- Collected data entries
┄┄┄┄┄┄

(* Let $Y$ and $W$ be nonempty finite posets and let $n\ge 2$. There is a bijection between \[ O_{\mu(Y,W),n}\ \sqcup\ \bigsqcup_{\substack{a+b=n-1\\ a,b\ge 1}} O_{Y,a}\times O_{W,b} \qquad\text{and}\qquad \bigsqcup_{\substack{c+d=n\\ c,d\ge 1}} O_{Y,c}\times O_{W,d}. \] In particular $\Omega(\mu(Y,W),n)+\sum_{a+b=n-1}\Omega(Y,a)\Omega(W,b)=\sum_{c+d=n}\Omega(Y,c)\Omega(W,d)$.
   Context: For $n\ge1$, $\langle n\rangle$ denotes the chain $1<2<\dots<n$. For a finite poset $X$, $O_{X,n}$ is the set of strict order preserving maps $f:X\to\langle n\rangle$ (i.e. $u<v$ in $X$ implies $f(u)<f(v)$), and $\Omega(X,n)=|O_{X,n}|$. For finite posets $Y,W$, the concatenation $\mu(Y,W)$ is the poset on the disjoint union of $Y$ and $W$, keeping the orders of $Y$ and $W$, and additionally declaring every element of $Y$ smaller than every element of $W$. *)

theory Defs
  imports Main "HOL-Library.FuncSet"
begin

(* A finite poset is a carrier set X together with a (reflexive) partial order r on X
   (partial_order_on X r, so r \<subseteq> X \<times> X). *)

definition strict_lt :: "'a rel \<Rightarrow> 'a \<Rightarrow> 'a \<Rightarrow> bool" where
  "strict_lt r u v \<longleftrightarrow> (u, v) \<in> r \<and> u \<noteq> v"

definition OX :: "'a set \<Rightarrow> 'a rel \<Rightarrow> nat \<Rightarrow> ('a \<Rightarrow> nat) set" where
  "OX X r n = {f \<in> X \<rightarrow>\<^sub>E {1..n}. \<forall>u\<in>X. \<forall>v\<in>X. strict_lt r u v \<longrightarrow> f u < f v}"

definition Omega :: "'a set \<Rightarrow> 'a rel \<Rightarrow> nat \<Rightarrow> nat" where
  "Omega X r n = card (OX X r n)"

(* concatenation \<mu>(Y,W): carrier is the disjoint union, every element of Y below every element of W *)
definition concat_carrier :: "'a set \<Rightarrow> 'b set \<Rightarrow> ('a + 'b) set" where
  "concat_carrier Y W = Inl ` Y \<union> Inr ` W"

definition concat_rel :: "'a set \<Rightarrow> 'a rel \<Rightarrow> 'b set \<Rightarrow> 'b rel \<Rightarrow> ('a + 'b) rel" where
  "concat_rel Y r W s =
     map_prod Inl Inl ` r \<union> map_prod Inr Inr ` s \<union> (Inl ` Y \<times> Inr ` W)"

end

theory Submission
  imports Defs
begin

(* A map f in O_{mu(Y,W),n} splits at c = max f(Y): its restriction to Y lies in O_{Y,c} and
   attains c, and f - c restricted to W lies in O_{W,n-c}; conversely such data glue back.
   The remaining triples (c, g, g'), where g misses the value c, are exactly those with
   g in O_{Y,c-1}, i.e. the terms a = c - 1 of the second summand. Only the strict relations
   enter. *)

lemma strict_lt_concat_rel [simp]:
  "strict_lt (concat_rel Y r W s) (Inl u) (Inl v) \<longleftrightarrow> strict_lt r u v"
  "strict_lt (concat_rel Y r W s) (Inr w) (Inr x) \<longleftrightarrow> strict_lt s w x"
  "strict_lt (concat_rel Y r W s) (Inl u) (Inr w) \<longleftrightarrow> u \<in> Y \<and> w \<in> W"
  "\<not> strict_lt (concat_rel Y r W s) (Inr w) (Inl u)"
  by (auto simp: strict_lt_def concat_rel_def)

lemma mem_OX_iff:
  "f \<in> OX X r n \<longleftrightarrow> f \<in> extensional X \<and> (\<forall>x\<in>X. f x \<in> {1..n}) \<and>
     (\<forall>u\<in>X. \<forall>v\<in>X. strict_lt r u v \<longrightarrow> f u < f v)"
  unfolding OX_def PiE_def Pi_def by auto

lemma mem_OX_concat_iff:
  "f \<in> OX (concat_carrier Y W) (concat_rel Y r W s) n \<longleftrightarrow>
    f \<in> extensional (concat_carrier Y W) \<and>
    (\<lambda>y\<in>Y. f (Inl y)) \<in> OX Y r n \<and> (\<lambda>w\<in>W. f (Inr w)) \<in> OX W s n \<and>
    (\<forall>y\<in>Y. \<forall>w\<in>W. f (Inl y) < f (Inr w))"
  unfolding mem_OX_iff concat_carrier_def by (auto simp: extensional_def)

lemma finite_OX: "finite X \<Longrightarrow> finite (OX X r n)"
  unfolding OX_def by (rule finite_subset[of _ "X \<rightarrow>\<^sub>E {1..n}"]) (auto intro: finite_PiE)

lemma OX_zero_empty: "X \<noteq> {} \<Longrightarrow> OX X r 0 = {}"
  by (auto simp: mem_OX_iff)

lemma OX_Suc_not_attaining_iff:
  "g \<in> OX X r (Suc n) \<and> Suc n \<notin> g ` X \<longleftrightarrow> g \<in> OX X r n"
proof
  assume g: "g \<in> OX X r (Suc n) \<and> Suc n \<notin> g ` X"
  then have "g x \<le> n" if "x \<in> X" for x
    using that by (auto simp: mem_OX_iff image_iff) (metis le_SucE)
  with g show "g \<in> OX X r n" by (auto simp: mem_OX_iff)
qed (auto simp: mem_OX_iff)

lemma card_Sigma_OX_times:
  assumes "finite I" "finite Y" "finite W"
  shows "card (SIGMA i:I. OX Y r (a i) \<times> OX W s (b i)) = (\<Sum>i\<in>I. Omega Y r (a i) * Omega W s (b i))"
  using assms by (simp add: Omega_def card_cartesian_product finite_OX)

┄┄┄┄┄┄

- REQUIRED ACTION
Exactly reproduce every line of the data above.

- RESULT OF THIS TASK
(* Let $Y$ and $W$ be nonempty finite posets and let $n\ge 2$. There is a bijection between \[ O_{\mu(Y,W),n}\ \sqcup\ \bigsqcup_{\substack{a+b=n-1\\ a,b\ge 1}} O_{Y,a}\times O_{W,b} \qquad\text{and}\qquad \bigsqcup_{\substack{c+d=n\\ c,d\ge 1}} O_{Y,c}\times O_{W,d}. \] In particular $\Omega(\mu(Y,W),n)+\sum_{a+b=n-1}\Omega(Y,a)\Omega(W,b)=\sum_{c+d=n}\Omega(Y,c)\Omega(W,d)$.
   Context: For $n\ge1$, $\langle n\rangle$ denotes the chain $1<2<\dots<n$. For a finite poset $X$, $O_{X,n}$ is the set of strict order preserving maps $f:X\to\langle n\rangle$ (i.e. $u<v$ in $X$ implies $f(u)<f(v)$), and $\Omega(X,n)=|O_{X,n}|$. For finite posets $Y,W$, the concatenation $\mu(Y,W)$ is the poset on the disjoint union of $Y$ and $W$, keeping the orders of $Y$ and $W$, and additionally declaring every element of $Y$ smaller than every element of $W$. *)

theory Defs
  imports Main "HOL-Library.FuncSet"
begin

(* A finite poset is a carrier set X together with a (reflexive) partial order r on X
   (partial_order_on X r, so r \<subseteq> X \<times> X). *)

definition strict_lt :: "'a rel \<Rightarrow> 'a \<Rightarrow> 'a \<Rightarrow> bool" where
  "strict_lt r u v \<longleftrightarrow> (u, v) \<in> r \<and> u \<noteq> v"

definition OX :: "'a set \<Rightarrow> 'a rel \<Rightarrow> nat \<Rightarrow> ('a \<Rightarrow> nat) set" where
  "OX X r n = {f \<in> X \<rightarrow>\<^sub>E {1..n}. \<forall>u\<in>X. \<forall>v\<in>X. strict_lt r u v \<longrightarrow> f u < f v}"

definition Omega :: "'a set \<Rightarrow> 'a rel \<Rightarrow> nat \<Rightarrow> nat" where
  "Omega X r n = card (OX X r n)"

(* concatenation \<mu>(Y,W): carrier is the disjoint union, every element of Y below every element of W *)
definition concat_carrier :: "'a set \<Rightarrow> 'b set \<Rightarrow> ('a + 'b) set" where
  "concat_carrier Y W = Inl ` Y \<union> Inr ` W"

definition concat_rel :: "'a set \<Rightarrow> 'a rel \<Rightarrow> 'b set \<Rightarrow> 'b rel \<Rightarrow> ('a + 'b) rel" where
  "concat_rel Y r W s =
     map_prod Inl Inl ` r \<union> map_prod Inr Inr ` s \<union> (Inl ` Y \<times> Inr ` W)"

end

theory Submission
  imports Defs
begin

(* A map f in O_{mu(Y,W),n} splits at c = max f(Y): its restriction to Y lies in O_{Y,c} and
   attains c, and f - c restricted to W lies in O_{W,n-c}; conversely such data glue back.
   The remaining triples (c, g, g'), where g misses the value c, are exactly those with
   g in O_{Y,c-1}, i.e. the terms a = c - 1 of the second summand. Only the strict relations
   enter. *)

lemma strict_lt_concat_rel [simp]:
  "strict_lt (concat_rel Y r W s) (Inl u) (Inl v) \<longleftrightarrow> strict_lt r u v"
  "strict_lt (concat_rel Y r W s) (Inr w) (Inr x) \<longleftrightarrow> strict_lt s w x"
  "strict_lt (concat_rel Y r W s) (Inl u) (Inr w) \<longleftrightarrow> u \<in> Y \<and> w \<in> W"
  "\<not> strict_lt (concat_rel Y r W s) (Inr w) (Inl u)"
  by (auto simp: strict_lt_def concat_rel_def)

lemma mem_OX_iff:
  "f \<in> OX X r n \<longleftrightarrow> f \<in> extensional X \<and> (\<forall>x\<in>X. f x \<in> {1..n}) \<and>
     (\<forall>u\<in>X. \<forall>v\<in>X. strict_lt r u v \<longrightarrow> f u < f v)"
  unfolding OX_def PiE_def Pi_def by auto

lemma mem_OX_concat_iff:
  "f \<in> OX (concat_carrier Y W) (concat_rel Y r W s) n \<longleftrightarrow>
    f \<in> extensional (concat_carrier Y W) \<and>
    (\<lambda>y\<in>Y. f (Inl y)) \<in> OX Y r n \<and> (\<lambda>w\<in>W. f (Inr w)) \<in> OX W s n \<and>
    (\<forall>y\<in>Y. \<forall>w\<in>W. f (Inl y) < f (Inr w))"
  unfolding mem_OX_iff concat_carrier_def by (auto simp: extensional_def)

lemma finite_OX: "finite X \<Longrightarrow> finite (OX X r n)"
  unfolding OX_def by (rule finite_subset[of _ "X \<rightarrow>\<^sub>E {1..n}"]) (auto intro: finite_PiE)

lemma OX_zero_empty: "X \<noteq> {} \<Longrightarrow> OX X r 0 = {}"
  by (auto simp: mem_OX_iff)

lemma OX_Suc_not_attaining_iff:
  "g \<in> OX X r (Suc n) \<and> Suc n \<notin> g ` X \<longleftrightarrow> g \<in> OX X r n"
proof
  assume g: "g \<in> OX X r (Suc n) \<and> Suc n \<notin> g ` X"
  then have "g x \<le> n" if "x \<in> X" for x
    using that by (auto simp: mem_OX_iff image_iff) (metis le_SucE)
  with g show "g \<in> OX X r n" by (auto simp: mem_OX_iff)
qed (auto simp: mem_OX_iff)

lemma card_Sigma_OX_times:
  assumes "finite I" "finite Y" "finite W"
  shows "card (SIGMA i:I. OX Y r (a i) \<times> OX W s (b i)) = (\<Sum>i\<in>I. Omega Y r (a i) * Omega W s (b i))"
  using assms by (simp add: Omega_def card_cartesian_product finite_OX)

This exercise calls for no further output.